Today sees the publication of an anthology which I’m very pleased to be part of: Journeys (from Woodbridge Press) offers fourteen epic fantasy stories of daring, death and glory from an array of talented and interesting authors. To be precise, there are tales from John Gwynne, Adrian Tchaikovsky, Gail Z. Martin, me, Julia Knight, Juliana Spink Mills, Jacob Cooper, Samanda R Primeau, Steven Poore, Davis Ashura, Dan Jones, Charlie Pulsipher, Anna Dickinson, and Thaddeus White.
My own story? Well, I may not be writing novels set in Einarinn at the moment but that world is still very much in my thoughts, both in terms of what’s going on with all the characters we know and also, I find I reflect now and then, on key moments in that world’s history. The Road to Hadrumal picks up on some hints dropped throughout those books, from The Thief’s Gamble all the way to The Hadrumal Crisis trilogy, about the origins of wizardry’s organisation. I thought I’d look a little more closely at Trydek, the very first Archmage. Who was he, before he became the revered father of magic? Before he made his way to Hadrumal? What prompted him to make that particular journey? What sent elemental magic down the path that’s lead to its power and influence in Einarinn’s present day?
Well, you can read the story to find out. What I want to talk about here is how writing this particular story enabled me to show a group of aspiring SF&Fantasy writers the journey that a piece of fiction takes, whether you’re just starting out, or whether you’re someone like me with fifteen novels and umpteen short stories to your credit. More than that, I’m convinced that every story must take this journey if it’s going to be worth reading.
Last December I was teaching on a residential course at Moniack Mhor, the Scottish Creative Writing Centre, up near Inverness. As part of my preparation, I had submissions from the students to critique. This means I arrived a folder of pages extensively marked up with red pen… Now, getting your work back covered in queries, suggestions and corrections is not necessarily an easy thing to handle. Writing’s such an intensely personal thing and we invest so much time and effort in it, that seeing it criticized can really sting. I know that full well myself. So what could I offer these keen writers, to ease that impact?
I realised I could show them the editorial notes that I had been sent for this particular story. As it happened, that was a page’s worth. Now, Teresa Edgerton knows what she’s doing. She started off by telling me what she particularly liked in the story, highlighting original angles that had caught her eye and complimenting me on my clean prose. That was about three or four lines worth.
And then… she highlighted the things which I needed to address in that final draft story. Points where the pace needed looking at. Points where character motivations and their reactions needed further consideration. Points where what I had written might challenge reader engagement. She offered a few thoughts on possible routes to pursue, though of course, as all good editors agree, deciding what to do was up to me. It’s my story after all.
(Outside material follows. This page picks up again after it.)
(* Consider the three-dimensional stochastic Maxwell equations with multiplicative noise written in the stochastic Hamiltonian form $$\mathbf{K}\,{\rm d}_{t}\mathcal{E}+\mathbf{L}_{1}\mathcal{E}_{x}{\rm d}t+\mathbf{L}_{2}\mathcal{E}_{y}{\rm d}t+\mathbf{L}_{3}\mathcal{E}_{z}{\rm d}t=\nabla S(\mathcal{E})\circ{\rm d}W(t),$$ and the stochastic Runge-Kutta method described in the context, with temporal coefficients $(a_{kj},b_k)_{k,j=1}^r$ and spatial coefficients $(\widetilde{a}_{mn},\widetilde{b}_m)_{m,n=1}^s$ in $x$, $(\overline{a}_{pq},\overline{b}_p)_{p,q=1}^\iota$ in $y$, $(\widehat{a}_{lv},\widehat{b}_l)_{l,v=1}^\sigma$ in $z$. Assume $$b_kb_j-b_ka_{kj}-b_ja_{jk}=0,\quad \overline{b}_p\overline{b}_q-\overline{b}_p\overline{a}_{pq}-\overline{b}_q\overline a_{qp}=0,$$ $$\widetilde{b}_m\widetilde{b}_n-\widetilde{b}_m\widetilde{a}_{mn}-\widetilde{b}_n\widetilde{a}_{nm}=0,\quad \widehat{b}_l\widehat{b}_v-\widehat{b}_l\widehat{a}_{lv}-\widehat{b}_v\widehat{a}_{vl}=0$$ for all $k,j=1,\dots,r$, $m,n=1,\dots,s$, $p,q=1,\dots,\iota$, $l,v=1,\dots,\sigma$. Then the method satisfies, almost surely, the discrete stochastic multi-symplectic conservation law $$\frac{\omega^{\rho+1}-\omega^{\rho}}{\tau}+\frac{\kappa_{i_1+1}^{(1)}-\kappa_{i_1}^{(1)}}{\Delta x}+\frac{\kappa_{i_2+1}^{(2)}-\kappa_{i_2}^{(2)}}{\Delta y}+\frac{\kappa_{i_3+1}^{(3)}-\kappa_{i_3}^{(3)}}{\Delta z}=0,$$ where $\omega^\rho=\frac{1}{2}\sum_{m=1}^{s}\sum_{p=1}^{\iota}\sum_{l=1}^{\sigma}\widetilde{b}_m\overline{b}_p\widehat{b}_l\,{\rm d}\mathcal{E}_{mpl}^{\rho}\wedge \mathbf{K}{\rm d}\mathcal{E}_{mpl}^{\rho}$, $\kappa_{i_1}^{(1)}=\frac{1}{2}\sum_{k=1}^{r}\sum_{p=1}^{\iota}\sum_{l=1}^{\sigma}b_k\overline{b}_p\widehat{b}_l\,{\rm d}\mathcal{E}_{i_1 pl}^{k}\wedge \mathbf{L}_1{\rm d}\mathcal{E}_{i_1 pl}^{k}$, $\kappa_{i_2}^{(2)}=\frac{1}{2}\sum_{k=1}^{r}\sum_{m=1}^{s}\sum_{l=1}^{\sigma}b_k\widetilde{b}_m\widehat{b}_l\,{\rm d}\mathcal{E}_{mi_2 l}^{k}\wedge \mathbf{L}_2{\rm d}\mathcal{E}_{mi_2 l}^{k}$, $\kappa_{i_3}^{(3)}=\frac{1}{2}\sum_{k=1}^{r}\sum_{m=1}^{s}\sum_{p=1}^{\iota}b_k\widetilde{b}_m\overline{b}_p\,{\rm d}\mathcal{E}_{mpi_3}^{k}\wedge \mathbf{L}_3{\rm d}\mathcal{E}_{mpi_3}^{k}$.
   Context: $\mathcal{E}=(H^T,E^T)^T\in\mathbb{R}^6$ with $H=(H_1,H_2,H_3)$, $E=(E_1,E_2,E_3)$; $S(\mathcal{E})=\frac{\lambda}{2}(|E_1|^2+|E_2|^2+|E_3|^2+|H_1|^2+|H_2|^2+|H_3|^2)$ for a real constant $\lambda$; $\mathbf{K}=\begin{pmatrix}0&-I_3\\ I_3&0\end{pmatrix}$, $\mathbf{L}_i=\begin{pmatrix}\mathcal{D}_i&0\\0&\mathcal{D}_i\end{pmatrix}$ with $\mathcal{D}_1=\begin{pmatrix}0&0&0\\0&0&-1\\0&1&0\end{pmatrix}$, $\mathcal{D}_2=\begin{pmatrix}0&0&1\\0&0&0\\-1&0&0\end{pmatrix}$, $\mathcal{D}_3=\begin{pmatrix}0&-1&0\\1&0&0\\0&0&0\end{pmatrix}$. $W$ is a $Q$-Wiener process and the equation is in the Stratonovich sense. The method, with time step $\tau$ and space steps $\Delta x,\Delta y,\Delta z$, has on each space-time cell stage values $\Upsilon_{mplk}\in\mathbb{R}^6$, discrete derivatives $\delta_t\Upsilon_{mplk},\delta_x\Upsilon_{mplk},\delta_y\Upsilon_{mplk},\delta_z\Upsilon_{mplk}$, time-level values $\mathcal{E}^\rho_{mpl},\mathcal{E}^{\rho+1}_{mpl}$, and face values $\mathcal{E}^k_{i_1pl},\mathcal{E}^k_{(i_1+1)pl}$, $\mathcal{E}^k_{mi_2l},\mathcal{E}^k_{m(i_2+1)l}$, $\mathcal{E}^k_{mpi_3},\mathcal{E}^k_{mp(i_3+1)}$, related by $\Upsilon_{mplk}=\mathcal{E}_{mpl}^{\rho}+\tau\sum_{j}a_{kj}\delta_t\Upsilon_{mplj}$, $\mathcal{E}_{mpl}^{\rho+1}=\mathcal{E}_{mpl}^{\rho}+\tau\sum_{k}b_{k}\delta_t\Upsilon_{mplk}$, $\Upsilon_{mplk}=\mathcal{E}_{i_1pl}^{k}+\Delta x\sum_{n}\widetilde{a}_{mn}\delta_{x}\Upsilon_{nplk}$, $\mathcal{E}_{(i_1+1)pl}^{k}=\mathcal{E}_{i_1pl}^{k}+\Delta x\sum_{m}\widetilde{b}_{m}\delta_{x}\Upsilon_{mplk}$, $\Upsilon_{mplk}=\mathcal{E}_{mi_2l}^{k}+\Delta y\sum_{q}\overline{a}_{pq}\delta_{y}\Upsilon_{mqlk}$, $\mathcal{E}_{m(i_{2}+1)l}^{k}=\mathcal{E}_{mi_2l}^{k}+\Delta y\sum_{p}\overline{b}_{p}\delta_{y}\Upsilon_{mplk}$, $\Upsilon_{mplk}=\mathcal{E}_{mpi_3}^{k}+\Delta z\sum_{v}\widehat{a}_{lv}\delta_{z}\Upsilon_{mpvk}$, $\mathcal{E}_{mp(i_3+1)}^{k}=\mathcal{E}_{mpi_3}^{k}+\Delta z\sum_{u}\widehat{b}_{u}\delta_{z}\Upsilon_{mpuk}$, $\tau\mathbf{K}\delta_{t}\Upsilon_{mplk}+\tau\sum_{i=1}^3\mathbf{L}_{i}\delta_{x_i}\Upsilon_{mplk}=\nabla S(\Upsilon_{mplk})\Delta W$, where $(\delta_{x_1},\delta_{x_2},\delta_{x_3})=(\delta_x,\delta_y,\delta_z)$ and $\Delta W$ is the real-valued Wiener increment over the time step at the corresponding stage point. ${\rm d}$ is the exterior differential in phase space and ${\rm d}\mathcal{E}\wedge\mathbf{M}{\rm d}\mathcal{E}=\sum_{a,b}\mathbf{M}_{ab}{\rm d}\mathcal{E}_a\wedge{\rm d}\mathcal{E}_b$. *)

theory Defs
  imports "HOL-Analysis.Analysis"
begin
Those notes filled the rest of the page. Did this mean this was a bad story? Did this mean I was kidding myself calling myself a writer? Did it mean that I’d learned nothing over those fifteen novels and however many stories? Not at all. I’m an experienced author and I’ve learned to demand a high standard of myself. (Go and read some of these free stories if you want to check.)
But every story needs fresh eyes. In this particular instance, Teresa’s viewpoint was invaluable and all the more so because she’s not an established reader of my Einarinn books. Her comments made me realise that I had been subconsciously writing for people with a far greater knowledge of my existing work than was either fair or desirable in a story like this. Among other things, I was presuming background knowledge that would generate tension that wasn’t there on the page. I was including additional details to tweak tantalizing loose threads from the novels which played no direct part in these events.
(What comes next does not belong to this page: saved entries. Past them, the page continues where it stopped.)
text \<open>A rank with \<open>m j = 0\<close> is never sampled, and its term \<open>(w j - c) / m j\<close> is \<open>0\<close> anyway
  (\<open>x / 0 = 0\<close>); unbiasedness therefore needs \<open>w j = c\<close> for such ranks.\<close>
lemma wsm_coordinate_unbiased:
  assumes "\<epsilon> > 0" and "prob_vec d m" and "\<forall>j\<in>{1..d}. 0 < m j \<or> w j = c"
    and "\<pi> permutes {1..d}" and "k \<in> {1..d}"
  shows "measure_pmf.expectation (wsm \<epsilon> w m c d \<pi>) (\<lambda>V. V k) = scored_vote w \<pi> k"
proof -
  let ?s = "wsm_s \<epsilon>"
  define j0 where "j0 = inv \<pi> k"
  have j0: "j0 \<in> {1..d}"
    unfolding j0_def using assms(4,5) by (meson permutes_in_image permutes_inv)
  have rank_j0: "(k = \<pi> j) = (j = j0)" for j
    unfolding j0_def using assms(4) by (metis permutes_inv_eq)
  have mean: "measure_pmf.expectation (bernoulli_pmf (1 / (?s + 1))) (\<lambda>b. debiased_flip ?s B b * a + c)
      = of_bool B * a + c" for B a
    using expectation_debiased_flip[OF wsm_s_gt_1[OF assms(1)]]
    by (simp add: integrable_measure_pmf_finite)
  have "measure_pmf.expectation (wsm \<epsilon> w m c d \<pi>) (\<lambda>V. V k)
      = (\<Sum>j=1..d. m j * measure_pmf.expectation (bernoulli_pmf (1 / (?s + 1)))
          (\<lambda>b. debiased_flip ?s (k = \<pi> j) b * ((w j - c) / m j) + c))"
    by (rule expectation_wsm_coordinate[OF assms(2,5), where h = "\<lambda>x. x"])
  also have "\<dots> = (\<Sum>j=1..d. m j * (of_bool (j = j0) * ((w j - c) / m j) + c))"
    by (simp only: mean rank_j0)
  also have "\<dots> = m j0 * ((w j0 - c) / m j0) + c * (\<Sum>j=1..d. m j)"
  proof -
    have "m j * (of_bool (j = j0) * ((w j - c) / m j) + c)
        = (if j = j0 then m j * ((w j - c) / m j) else 0) + c * m j" for j
      by (simp add: algebra_simps)
    then show ?thesis
      using j0 by (simp add: sum.distrib sum_distrib_left)
  qed
  also have "\<dots> = w j0"
    using assms(2) assms(3)[rule_format, OF j0] by (auto simp: prob_vec_def)
  finally show ?thesis
    by (simp add: scored_vote_def j0_def)
qed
Was I thrilled to learn this? No, of course I wasn’t, not initially. I told you that feedback can sting, even now, even just a little bit. Surely my story was perfect? I must have grumbled into my coffee for oh, at least two minutes…
Then I told myself that was more than enough self-indulgence and got to work. Because on my personal journey as a writer over nearly twenty years now, I’ve learned that this is how writing good fiction works. So I sat and thought and then I tightened things up here and there. I cut and trimmed elsewhere, and clarified this and that. It wasn’t a great deal of work but now that I had seen this story through Teresa’s eyes, I had a whole new, sharper focus.
So that’s the story of this particular tale’s journey. Enjoy!
Oh, and those aspiring writers at Moniack Mhor? They worked with me so positively on my feedback that I have great hopes of their future success.